Attachment: bug42593.patch (text/x-patch), 597 bytes.

[10 Feb 2009 11:03] Jonas Oreland
So the problem is that we get a "multi_range_read_init"-call with n_ranges=11
But we can only call *seq_funcs.next(...) 9 times

This cause us to enter an endless loop
(unless patch i attached to bug-report is applied, which
 cause it to assert instead)
[10 Feb 2009 11:37] Jonas Oreland
info: same behavior in mysql-6.0-telco-6.3 and mysql-6.0-telco (6.4)
[10 Feb 2009 12:27] Jonas Oreland
Another thing: I seem to recall that n_ranges (in the various flavors)
should not be used. We use it here and there.

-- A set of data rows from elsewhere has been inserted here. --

abbreviation F :: "(nat \<Rightarrow> bool) \<Rightarrow> bool" where
  "F \<equiv> read_once_dnf n m T"

definition term_sat :: "nat \<Rightarrow> (nat \<Rightarrow> bool) \<Rightarrow> bool" where
  "term_sat j x \<longleftrightarrow> (\<forall>i\<in>T j. x i)"

definition term_prob :: "nat \<Rightarrow> real" where
  "term_prob j = (\<Prod>i\<in>T j. p i)"

definition greedy_order :: "nat list" where
  "greedy_order = sort_key (\<lambda>j. - term_prob j) [0..<m]"

definition residual_cost :: "nat set \<Rightarrow> real" where
  "residual_cost U = order_cost term_prob (filter (\<lambda>j. j \<notin> U) greedy_order)"

definition no_term_sat :: "nat set \<Rightarrow> (nat \<Rightarrow> bool) \<Rightarrow> real" where
  "no_term_sat U x = of_bool (\<forall>j\<in>U. \<not> term_sat j x)"

definition touched_terms :: "nat list \<Rightarrow> nat set" where
  "touched_terms l = {j. j < m \<and> (\<exists>i\<in>set l. i \<in> T j)}"

definition term_of :: "nat \<Rightarrow> nat" where
  "term_of i = (THE j. j < m \<and> i \<in> T j)"

lemma no_term_sat_empty: "no_term_sat {} = (\<lambda>_. 1)"
  unfolding no_term_sat_def by simp

lemma term_subset: "j < m \<Longrightarrow> T j \<subseteq> {..<n}"
  using Union_terms by blast

lemma finite_term: "j < m \<Longrightarrow> finite (T j)"
  using finite_subset[OF term_subset] by blast

lemma term_nonempty: "j < m \<Longrightarrow> T j \<noteq> {}"
  using card_term[of j] k_pos by auto

lemma term_of: assumes "i < n" shows "term_of i < m" "i \<in> T (term_of i)"
proof -
  obtain j where j: "j < m" "i \<in> T j" using assms Union_terms by blast
  have "\<exists>!j. j < m \<and> i \<in> T j"
    using j disjoint_terms by blast
  hence "term_of i < m \<and> i \<in> T (term_of i)" unfolding term_of_def by (rule theI')
  thus "term_of i < m" "i \<in> T (term_of i)" by auto
qed

lemma term_prob_bounds: "j < m \<Longrightarrow> 0 \<le> term_prob j \<and> term_prob j \<le> 1"
  unfolding term_prob_def using term_subset p_bounds by (fastforce intro: prod_nonneg prod_le_1)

Iff this argument is "undefined",
can you please remove it from the interfaces please.
(or at the very minimum document in handler.h when/if it's undefined)

/Jonas
[13 Feb 2009 5:56] Bugs System
A patch for this bug has been committed. After review, it may
be pushed to the relevant source trees for release in the next
version. You can access the patch from:

  http://lists.mysql.com/commits/66142

2697 Igor Babaev	2009-02-12
      Fixed bug #42593.
      The method JOIN_CACHE_BKA_UNIQUE::join_matching_record
      calls JOIN_CACHE_BKA::init_join_matching_records that
      calls the handler function multi_range_read_init.
      The code before the fix erroneously always passed numbers
      of records in the join buffer as the third parameter for
      the call of multi_range_read_init. Yet this parameter
      must specify the number of ranges passed to the MRR 
      interface for processing. If a join cache of the type 
      JOIN_CACHE_BKA_UNIQUE is employed the number of distinct
      keys occurred in the records from the join buffer must
      be passed as the required number of ranges to the function
      multi_range_read_init. 
      Currently only the NDB implementation of the
      multi_range_read_init handler function really uses
      the expected number of ranges.
[16 Feb 2009 18:08] Bugs System
Pushed into 6.0.10-alpha (revid:alik@sun.com-20090216180446-dl1xovi02kbd2fgn) (version source revid:igor@mysql.com-20090213055616-8jruyhpluecmv2b8) (merge vers: 6.0.10-alpha) (pib:6)
[24 Feb 2009 0:54] Paul DuBois
Noted in 6.0.10 changelog.

For the batched-key access method, numbers of records were being
specified rather than numbers of ranges.
[16 Aug 2010 6:34] Bugs System
Pushed into mysql-next-mr (revid:alik@sun.com-20100816062819-bluwgdq8q4xysmlg) (version source revid:alik@sun.com-20100816062612-enatdwnv809iw3s9) (pib:20)
[13 Nov 2010 16:22] Bugs System
Pushed into mysql-trunk 5.6.99-m5 (revid:alexander.nozdrin@oracle.com-20101113155825-czmva9kg4n31anmu) (version source revid:vasil.dimov@oracle.com-20100629074804-359l9m9gniauxr94) (merge vers: 5.6.99-m4) (pib:21)
[23 Nov 2010 2:50] Paul DuBois
Bug does not appear in any released 5.6.x version. No 5.6.1 changelog entry needed.